Виктор не так давно развёлся с женой по причине отсутствия детей, что ужасно огорчало его. Он понимал, что скоро его отзовут в Москву и почти смирился с возвращением на Родину, где всё уже было по-другому и уже чувствовался стремительный западный ветер…
Профессор Сильвани достала из ящика стола папку, которую тут же открыла, и перевернула скрепленные скрепкой бумаги. Она погрузилась в материалы и продолжила их анализировать. На старых пожелтевших от времени листах открывались содержания опытов, описанных врачом Хайнрихом Вольфом. Чопорный и дотошный стиль написания давал множество уточнений и разъяснений. Немецкий язык добавлял всему этому строгости и циничности, словно, отдавая приказы, к немедленному исполнению. Каждая строка текста, напечатанного на печатной машинке, открывала бесчеловечность опытов и взятия тех или иных образцов для исследований. В своём воображении Паскуалина видела бункер, где мрак и боль неразрывно живёт в тёмных углах комнат, операционных и смотровых. Противный яркий электрический свет, разбавлял тусклые светильники, в лампах с еле теплившейся жизнью. Запах реактивов в лабораториях шибал своей резкостью в нос, вызывая то чих, то жжение. Профессор Сильвани чувствовала себя соучастницей этих преступлений против человечества. Человеку науки очень часто приходится переступать через свои принципы и мораль. Публичное осуждение и гонения, рано или поздно переходят в восхищение и бессмертие для учёного.

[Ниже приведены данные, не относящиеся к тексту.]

definition sort_b2 :: "nat \<Rightarrow> nat \<Rightarrow> real" where
  "sort_b2 d m = - real (m div 4 div d)"

definition sort_W3 :: "nat \<Rightarrow> nat \<Rightarrow> nat \<Rightarrow> real" where
  "sort_W3 d i m = (if m div 4 div d = i then hat_weight (m mod 4) else 0)"

lemma affine_sort_W1:
  assumes "j < d" "k < d" "c < 4"
  shows "affine d (sort_W1 d \<delta>) sort_b1 x (neuron d j k c) =
    (if c = 0 then (x j - x k) / \<delta> else if c = 1 then (x j - x k) / \<delta> - 1
     else if c = 2 then x j else - x j)"
  using assms
  by (auto simp: affine_def sort_W1_def sort_b1_def left_diff_distrib sum_subtractf diff_divide_distrib
      sum_divide_distrib[symmetric] sum_negf)

lemma affine_sum_neurons:
  "affine (4 * d\<^sup>2) W b h m = (\<Sum>j<d. \<Sum>k<d. \<Sum>c<4. W m (neuron d j k c) * h (neuron d j k c)) + b m"
  by (simp add: affine_def sum_neurons)

lemma affine_sort_W2:
  assumes "i < d" "j < d" "c < 4"
  shows "affine (4 * d\<^sup>2) (sort_W2 d) (sort_b2 d) h (neuron d i j c) =
    (\<Sum>k<d. h (neuron d j k 0) - h (neuron d j k 1)) - real i
    + hat_shift c * (h (neuron d j 0 2) - h (neuron d j 0 3))"
proof -
  have block: "(\<Sum>k<d. \<Sum>c'<4. sort_W2 d (neuron d i j c) (neuron d j' k c') * h (neuron d j' k c'))
    = (if j' = j then (\<Sum>k<d. h (neuron d j k 0) - h (neuron d j k 1)
         + (if k = 0 then hat_shift c * (h (neuron d j k 2) - h (neuron d j k 3)) else 0)) else 0)" for j'
    using assms by (auto simp: sort_W2_def sum_lessThan_4 algebra_simps intro!: sum.cong)
  have "(\<Sum>k<d. h (neuron d j k 0) - h (neuron d j k 1)
         + (if k = 0 then hat_shift c * (h (neuron d j k 2) - h (neuron d j k 3)) else 0))
      = (\<Sum>k<d. h (neuron d j k 0) - h (neuron d j k 1))
        + hat_shift c * (h (neuron d j 0 2) - h (neuron d j 0 3))"
    using assms by (simp add: sum.distrib)
  then show ?thesis
    using assms by (simp add: affine_sum_neurons block sort_b2_def)
qed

Паскуалина продолжила изучать в очередной раз материалы и достала из ящика стола свой толстый блокнот. Она открыла его и, пролистав несколько страниц, продолжила делать пометки шариковой ручкой. Текст, формулы, схематические рисунки, слова и предложения с несколькими подчёркиваниями всё это в комплексе составляло проделанную ей работу.

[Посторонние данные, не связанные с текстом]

lemma dominated_graph_extension_unique:
  assumes y: "y \<notin> fst ` M" and xa: "(x1, a1) \<in> M" "(x2, a2) \<in> M"
    and eq: "x1 + t1 *\<^sub>R y = x2 + t2 *\<^sub>R y"
  shows "a1 + t1 * c = a2 + t2 * c"
proof (cases "t1 = t2")
  case True
  then show ?thesis using eq dominated_graph_unique[OF M] xa by auto
next
  case False
  have "(inverse (t2 - t1) *\<^sub>R (x1 + (-1) *\<^sub>R x2), inverse (t2 - t1) * (a1 + (-1) * a2)) \<in> M"
    using dominated_graph_scale[OF M dominated_graph_add[OF M xa(1) dominated_graph_scale[OF M xa(2)]]] .
  moreover have "x1 + (-1) *\<^sub>R x2 = (t2 - t1) *\<^sub>R y" using eq by (simp add: algebra_simps)
  ultimately have "(y, inverse (t2 - t1) * (a1 - a2)) \<in> M" using False by simp
  then show ?thesis using y by force
qed

lemma dominated_graph_extension:
  assumes hom: "\<And>t x. t > 0 \<Longrightarrow> p (t *\<^sub>R x) = t * p x" and y: "y \<notin> fst ` M"
  shows "dominated_graph p z {(x + t *\<^sub>R y, a + t * c) | x a t. (x, a) \<in> M}"
    (is "dominated_graph p z ?M'")
proof -
  have mem: "(x + t *\<^sub>R y, a + t * c) \<in> ?M'" if "(x, a) \<in> M" for x a t
    using that by blast
  show ?thesis
    unfolding dominated_graph_def
  proof (intro conjI allI impI; (elim CollectE exE conjE)?)
    fix x a b x1 a1 t1 x2 a2 t2
    assume "(x, a) = (x1 + t1 *\<^sub>R y, a1 + t1 * c)" "(x1, a1) \<in> M"
      "(x, b) = (x2 + t2 *\<^sub>R y, a2 + t2 * c)" "(x2, a2) \<in> M"
    then show "a = b" using dominated_graph_extension_unique[OF y] by auto
  next
    fix x a x' b x1 a1 t1 x2 a2 t2
    assume "(x, a) = (x1 + t1 *\<^sub>R y, a1 + t1 * c)" "(x1, a1) \<in> M"
      "(x', b) = (x2 + t2 *\<^sub>R y, a2 + t2 * c)" "(x2, a2) \<in> M"
    then show "(x + x', a + b) \<in> ?M'"
      using mem[OF dominated_graph_add[OF M], of x1 a1 x2 a2 "t1 + t2"] by (simp add: algebra_simps)
  next
    fix x a d x1 a1 t1
    assume "(x, a) = (x1 + t1 *\<^sub>R y, a1 + t1 * c)" "(x1, a1) \<in> M"
    then show "(d *\<^sub>R x, d * a) \<in> ?M'"
      using mem[OF dominated_graph_scale[OF M], of x1 a1 d "d * t1"] by (simp add: algebra_simps)
  next
    fix x a x1 a1 t1
    assume "(x, a) = (x1 + t1 *\<^sub>R y, a1 + t1 * c)" "(x1, a1) \<in> M"
    then show "a \<le> p x" using dominated_graph_extension_le[OF hom] by auto
  next
    show "(z, 1) \<in> ?M'" using mem[OF dominated_graph_base[OF M], of 0] by simp
  qed
qed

Время неумолимо отсчитывало минуты и часы, приближая стрелки к двум часам дня. Внезапно зазвонил внутренний телефон и профессор Сильвани, не отрывая взгляд от материалов, протянула руку к трубке. Она тут же сняла её и приложила к уху.
– Слушаю, – оторвав взгляд от своего блокнота, произнесла Паскуалина.

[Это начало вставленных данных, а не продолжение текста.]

(* Let $1\le p<\infty$, let $a>1/p$ and let $(\beta_k)_{k\in\mathbb{N}}$ be real numbers in $[a,\infty)$. Let $(\boldsymbol{w(k)})_{k\in\mathbb{N}}$ be weight sequences for which there exists $C\ge1$ such that for every $k\ge1$ and every $n\ge1$, $C^{-1}n^{\beta_k}\le|w_1(k)\cdots w_n(k)|\le Cn^{\beta_k}$. Then there exists a random vector with values in $\ell_p$ that is almost surely a common frequently hypercyclic vector for the family $(B_{\boldsymbol{w(k)}})_{k\in\mathbb{N}}$ on $\ell_p$.
   Context: $\ell_p$ is the space of complex sequences $(x_n)_{n\ge0}$ with finite $\|x\|_p$, unit vectors $(e_n)_{n\ge0}$. A weight is a bounded sequence of nonzero complex numbers; the weighted backward shift is $B_{\boldsymbol w}e_0=0$, $B_{\boldsymbol w}e_n=w_ne_{n-1}$. A vector is frequently hypercyclic for $T$ if for every nonempty open $U$ the set $\{n:T^nx\in U\}$ has positive lower density; common means for every member of the family. *)

theory Defs
  imports "HOL-Probability.Probability"
begin

definition lp :: "real \<Rightarrow> (nat \<Rightarrow> complex) set" where
  "lp p = {x. summable (\<lambda>n. norm (x n) powr p)}"

definition lp_norm :: "real \<Rightarrow> (nat \<Rightarrow> complex) \<Rightarrow> real" where
  "lp_norm p x = (\<Sum>n. norm (x n) powr p) powr (1 / p)"

definition lp_open :: "real \<Rightarrow> (nat \<Rightarrow> complex) set \<Rightarrow> bool" where
  "lp_open p U \<longleftrightarrow> U \<subseteq> lp p \<and>
     (\<forall>u\<in>U. \<exists>e>0. \<forall>v\<in>lp p. lp_norm p (\<lambda>n. v n - u n) < e \<longrightarrow> v \<in> U)"

definition lp_borel :: "real \<Rightarrow> (nat \<Rightarrow> complex) measure" where
  "lp_borel p = sigma (lp p) {U. lp_open p U}"

definition weight :: "(nat \<Rightarrow> complex) \<Rightarrow> bool" where
  "weight w \<longleftrightarrow> (\<forall>n. w n \<noteq> 0) \<and> (\<exists>M. \<forall>n. norm (w n) \<le> M)"

text \<open>Weighted backward shift: B e_0 = 0, B e_n = w_n e_(n-1).\<close>
definition bshift :: "(nat \<Rightarrow> complex) \<Rightarrow> (nat \<Rightarrow> complex) \<Rightarrow> (nat \<Rightarrow> complex)" where
  "bshift w x = (\<lambda>n. w (Suc n) * x (Suc n))"

definition lower_density :: "nat set \<Rightarrow> ereal" where
  "lower_density A = liminf (\<lambda>N. ereal (real (card (A \<inter> {..<N})) / real N))"

definition freq_hypercyclic ::
  "real \<Rightarrow> ((nat \<Rightarrow> complex) \<Rightarrow> (nat \<Rightarrow> complex)) \<Rightarrow> (nat \<Rightarrow> complex) \<Rightarrow> bool" where
  "freq_hypercyclic p T x \<longleftrightarrow> x \<in> lp p \<and>
     (\<forall>U. lp_open p U \<and> U \<noteq> {} \<longrightarrow> lower_density {n. (T ^^ n) x \<in> U} > 0)"

end

theory Submission
  imports Defs "HOL-Library.Discrete_Functions"
begin

(* The random vector can be taken deterministic, so the point is to build one vector x that is
   frequently hypercyclic for every B_w(k).  Enumerate all targets t = (k, y, q), y a finitely
   supported vector with Gaussian-rational entries.  Target t is served on the first halves
   [2^j, 2^j + 2^(j-1)) of those dyadic blocks for which j has 2-adic valuation t; these j have
   bounded gaps, so the return times 2^j + 2^d r (r < 2^(j-1-d)) have positive lower density.
   On such a block x_n = y_i w_1...w_i / (w_1...w_n) with i = (n - 2^j) mod 2^d, so B^m x starts
   with an exact copy of y at every return time m.  Since the weight products grow like n^beta_k
   with beta_k > gamma > 1/p, one gets |x_n| <= n^(-gamma), hence x is in l_p, and beyond 2^d the
   orbit point is bounded by a constant times n^(-gamma); choosing the period 2^d of target t
   large makes this tail smaller than the tolerance 1/(q+1). *)

lemma norm_add_powr_le:
  fixes a b :: "'a::real_normed_vector"
  assumes "p > 0"
  shows "norm (a + b) powr p \<le> 2 powr p * (norm a powr p + norm b powr p)"
proof -
  let ?m = "max (norm a) (norm b)"
  have "norm (a + b) powr p \<le> (2 * ?m) powr p"
    using norm_triangle_ineq[of a b] assms by (intro powr_mono2) auto
  also have "\<dots> = 2 powr p * ?m powr p" by (simp add: powr_mult)
  also have "?m powr p \<le> norm a powr p + norm b powr p"
    by (cases "norm a \<le> norm b") (auto simp: max_def)
  finally show ?thesis by simp
qed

– Добрый день, профессор! Ждём вас в лаборатории, – звонко прозвучал голос врача из исследовательской группы.
– Сейчас, иду, – ровно ответила она и закрыла свой блокнот. Профессор Сильвани встала из-за рабочего стола и зацепила шариковую ручку за нагрудный карман белого халата. Она сунула блокнот, перетянутый резинкой, в боковой карман и вышла из кабинета. Паскуалина закрыла дверь на ключ, чувствуя, что мигрень в очередной раз вернулась в самое неподходящее время. В висках, будто, стучала барабанная дробь, отбивавшая очередной военный марш перед парадом.
Профессор Сильвани прошла вдоль по коридору и остановилась у лифта. Указательный палец правой руки коснулся кнопки вызова, и кабина лифта начала своё движение. Мигрень продолжала мучить Паскуалину и не собиралась покидать её. Порой она сводила с ума своей пронизывающей болью, остановить которую могли лишь сильнодействующие препараты. Наркотические анальгетики спасали профессора Сильвани, но злоупотреблять ими она не собиралась. Своя смерть ей виделась несколько другой: где-нибудь в большом родном доме, окружённой детьми и внуками, вдали от беспокойной жизни.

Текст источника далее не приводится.